We have seen that 6:12-20 may be considered an introduction to Paul’s dealing with married life and to his dealing with the eating of sacrifices to idols. Both marriage and eating have been ordained by God. Therefore, concerning marriage and eating we have our freedom. However, we must use these things in God’s way and for God’s purpose, not for our lusts. Furthermore, marriage and eating are related to our physical bodies. Paul says in 6:13 that the body is for the Lord; in 6:15, that our bodies are members of Christ; and in 6:19, that our bodies are a temple of the Holy Spirit.
As human beings, we are a complete entity composed of spirit, soul, and body. In order for our body to be the temple of the Holy Spirit our entire being—spirit, soul, and body—must be involved. Since we are a whole entity, none of the parts of our being should be separated from the others. On the one hand, it is our bodies that are members of Christ and the temple of the Holy Spirit. On the other hand, our spirit is also involved. For this reason, in the passage where he emphasizes that the body is a member of Christ and the temple of the Holy Spirit, Paul tells us that we are one spirit with the Lord (6:17).
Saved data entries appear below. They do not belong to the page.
(* There is no injective frame $\mathcal{X}=\{x_k\}_{k=1}^\infty$ for the real or complex space $\ell_2$ such that for every real sequence $a=\{a_k\}_{k=1}^\infty\in\ell_2$ there is a Hilbert–Schmidt operator $T$ on $\ell_2$ with $\langle Tx_k,x_k\rangle=a_k$ for all $k=1,2,\dots$.
   Context: A family $\{x_k\}$ in $\ell_2$ is called injective if whenever a Hilbert–Schmidt self-adjoint operator $T$ on $\ell_2$ satisfies $\langle Tx_k,x_k\rangle=0$ for all $k$, then $T=0$. *)

theory Defs
  imports "HOL-Analysis.Analysis"
begin

text \<open>Sequences are represented as nat \<Rightarrow> complex; the real space l2 consists of the real-valued ones.\<close>

definition scalar_field :: "complex set \<Rightarrow> bool" where
  "scalar_field K \<longleftrightarrow> K = \<real> \<or> K = UNIV"

definition l2 :: "complex set \<Rightarrow> (nat \<Rightarrow> complex) set" where
  "l2 K = {x. (\<forall>n. x n \<in> K) \<and> summable (\<lambda>n. (cmod (x n))\<^sup>2)}"

definition l2_inner :: "(nat \<Rightarrow> complex) \<Rightarrow> (nat \<Rightarrow> complex) \<Rightarrow> complex" where
  "l2_inner x y = (\<Sum>n. x n * cnj (y n))"

definition l2_norm :: "(nat \<Rightarrow> complex) \<Rightarrow> real" where
  "l2_norm x = sqrt (\<Sum>n. (cmod (x n))\<^sup>2)"

definition unit_vec :: "nat \<Rightarrow> nat \<Rightarrow> complex" where
  "unit_vec j = (\<lambda>n. if n = j then 1 else 0)"

definition bounded_op :: "complex set \<Rightarrow> ((nat \<Rightarrow> complex) \<Rightarrow> (nat \<Rightarrow> complex)) \<Rightarrow> bool" where
  "bounded_op K T \<longleftrightarrow>
     (\<forall>x\<in>l2 K. T x \<in> l2 K) \<and>
     (\<forall>c\<in>K. \<forall>x\<in>l2 K. \<forall>y\<in>l2 K. T (\<lambda>n. c * x n + y n) = (\<lambda>n. c * T x n + T y n)) \<and>
     (\<exists>C. \<forall>x\<in>l2 K. l2_norm (T x) \<le> C * l2_norm x)"

definition hilbert_schmidt :: "complex set \<Rightarrow> ((nat \<Rightarrow> complex) \<Rightarrow> (nat \<Rightarrow> complex)) \<Rightarrow> bool" where
  "hilbert_schmidt K T \<longleftrightarrow> bounded_op K T \<and> summable (\<lambda>j. (l2_norm (T (unit_vec j)))\<^sup>2)"

definition self_adjoint_op :: "complex set \<Rightarrow> ((nat \<Rightarrow> complex) \<Rightarrow> (nat \<Rightarrow> complex)) \<Rightarrow> bool" where
  "self_adjoint_op K T \<longleftrightarrow> (\<forall>x\<in>l2 K. \<forall>y\<in>l2 K. l2_inner (T x) y = l2_inner x (T y))"

definition is_frame :: "complex set \<Rightarrow> (nat \<Rightarrow> nat \<Rightarrow> complex) \<Rightarrow> bool" where
  "is_frame K X \<longleftrightarrow> (\<forall>k. X k \<in> l2 K) \<and>
     (\<exists>A B. 0 < A \<and> 0 < B \<and>
        (\<forall>x\<in>l2 K. summable (\<lambda>k. (cmod (l2_inner x (X k)))\<^sup>2) \<and>
            A * (l2_norm x)\<^sup>2 \<le> (\<Sum>k. (cmod (l2_inner x (X k)))\<^sup>2) \<and>
            (\<Sum>k. (cmod (l2_inner x (X k)))\<^sup>2) \<le> B * (l2_norm x)\<^sup>2))"

definition injective_family :: "complex set \<Rightarrow> (nat \<Rightarrow> nat \<Rightarrow> complex) \<Rightarrow> bool" where
  "injective_family K X \<longleftrightarrow>
     (\<forall>T. hilbert_schmidt K T \<and> self_adjoint_op K T \<and> (\<forall>k. l2_inner (T (X k)) (X k) = 0)
          \<longrightarrow> (\<forall>x\<in>l2 K. T x = (\<lambda>n. 0)))"

end

theory Submission
  imports Defs "HOL-Library.Diagonal_Subsequence"
begin

(*
  Suppose x_k were such a frame. By the upper frame bound the coordinates x_k(j) are square
  summable in k, uniformly in j, so an averaging argument yields pairs j \<noteq> l for which the
  diagonal values phi(k) = <E x_k, x_k> of the symmetric matrix unit E = E_jl + E_lj have
  arbitrarily small l2 norm. Choosing such pairs with norm at most 8^-n, every parameter
  c : nat \<Rightarrow> real gives a square summable sequence a_c = \<Sum>_n clip(c_n) 2^n phi_n, depending
  continuously on c in the product topology, and a_c is realised by a self-adjoint
  Hilbert-Schmidt matrix (symmetrise the given operator). Grading the parameters by the
  Hilbert-Schmidt norm of a realising matrix covers the complete metric space nat \<Rightarrow> real by
  countably many sets F_m, each closed by a weak compactness argument. By Baire, one F_m
  contains a ball, hence both updates of its centre at a far coordinate n \<ge> m to 1 and to -1.
  Half the difference of the two realising matrices realises 2^n phi_n and has squared norm at
  most m, so injectivity forces it to be 2^n E, whose squared norm 2 * 4^n exceeds m.
*)

section \<open>Unordered sums\<close>

lemma suminf_infsum:
  fixes f :: "nat \<Rightarrow> 'a::banach"
  assumes "f summable_on UNIV"
  shows "suminf f = infsum f UNIV"
  using assms has_sum_imp_sums has_sum_infsum sums_unique by metis

lemma sums_infsum:
  fixes f :: "nat \<Rightarrow> 'a::banach"
  assumes "f summable_on UNIV"
  shows "f sums infsum f UNIV"
  using assms has_sum_imp_sums has_sum_infsum by metis

lemma summable_on_diff:
  fixes f g :: "'a \<Rightarrow> 'b::topological_ab_group_add"
  assumes "f summable_on A" "g summable_on A"
  shows "(\<lambda>x. f x - g x) summable_on A"
  using summable_on_add[OF assms(1) summable_on_uminus[THEN iffD2, OF assms(2)]] by simp

lemma infsum_diff:
  fixes f g :: "'a \<Rightarrow> 'b::{topological_ab_group_add, t2_space}"
  assumes "f summable_on A" "g summable_on A"
  shows "infsum (\<lambda>x. f x - g x) A = infsum f A - infsum g A"
  using infsum_add[OF assms(1) summable_on_uminus[THEN iffD2, OF assms(2)]]
  by (simp add: infsum_uminus)

lemma has_sum_finite_support:
  fixes f :: "'a \<Rightarrow> 'b::{topological_comm_monoid_add,t2_space}"
  assumes "finite B" "\<And>x. x \<notin> B \<Longrightarrow> f x = 0"
  shows "(f has_sum sum f B) UNIV" "f summable_on UNIV" "infsum f UNIV = sum f B"
proof -
  show h: "(f has_sum sum f B) UNIV" by (rule has_sum_finite_neutralI) (use assms in auto)
  then show "f summable_on UNIV" by (auto simp: summable_on_def)
  show "infsum f UNIV = sum f B" using h by (rule infsumI)
qed

lemma has_sum_single:
  fixes c :: "'b::{topological_comm_monoid_add,t2_space}"
  shows "((\<lambda>n. if n = j then c else 0) has_sum c) UNIV"
    "(\<lambda>n. if n = j then c else 0) summable_on UNIV"
    "infsum (\<lambda>n. if n = j then c else 0) UNIV = c"
  using has_sum_finite_support[of "{j}" "\<lambda>n. if n = j then c else 0"] by auto

lemma infsum_of_real:
  assumes "f summable_on A"
  shows "infsum (\<lambda>x. complex_of_real (f x)) A = complex_of_real (infsum f A)"
  using has_sum_of_real[OF has_sum_infsum[OF assms]] infsumI by blast

lemma infsum_prod_swap:
  fixes f :: "'a \<Rightarrow> 'b \<Rightarrow> 'c::{comm_monoid_add,t2_space}"
  shows "infsum (\<lambda>(i,j). f j i) UNIV = infsum (\<lambda>(i,j). f i j) UNIV"
  using infsum_reindex_bij_betw[of prod.swap UNIV UNIV "\<lambda>(i,j). f i j"]
  by (simp add: case_prod_unfold)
In chapter seven Paul comes to the matter of marriage. Married life surely involves our whole being. According to what Paul says in this chapter, we need to be those who are for the Lord, one with Him, submissive to Him, committed to Him, and content in Him with our circumstances. We need to take our circumstances from the Lord and be with Him in every kind of situation. This requires that we exercise our spirit to practice being one spirit with the Lord. This is also to have a life where our bodies are the members of Christ and the temple of the Holy Spirit. If we touch the depths of chapter seven, we shall see that the answers to the questions about marriage consummate in the description of a person who is one with the Lord and who lives in such a way that his entire being is the Lord’s dwelling place. Because his body is a member of Christ and the temple of the Holy Spirit, he will not use it for any purpose other than that ordained by God. Furthermore, he will be submissive to the Lord and to His leading, always remaining in the circumstances arranged by the Lord without initiating any change. He is thus a person who is one with the Lord for His purpose.
In chapter eight Paul deals with our eating, a matter that is even more practical than the matter of married life. We can live without being married, but not without eating. Eating is an absolute necessity. God created us in such a way that we must eat in order to stay alive. This is God’s ordination.
As we proceed from chapter one to chapter eight, we find that Paul’s dealings become more and more practical. The eating mentioned in chapter eight is much more practical than the philosophy referred to in chapter one. Philosophy involves abstract concepts, whereas eating is extremely concrete and practical.
We have seen that in the first four chapters of 1 Corinthians a number of spiritual things are revealed. The principle is the same in the dealing with eating of sacrifices to idols. Three chapters are occupied with this. In these chapters there are a number of important spiritual highlights.
In chapter eight Paul speaks of an eating that is not advisable, pointing out in verses 1 through 3 that such an eating is not according to love that builds up. Verses 4 through 7 indicate that idols are nothing, and verse 8 says that food does not commend us to God. Finally, in verses 9 through 13, Paul speaks about causing weak brothers to stumble.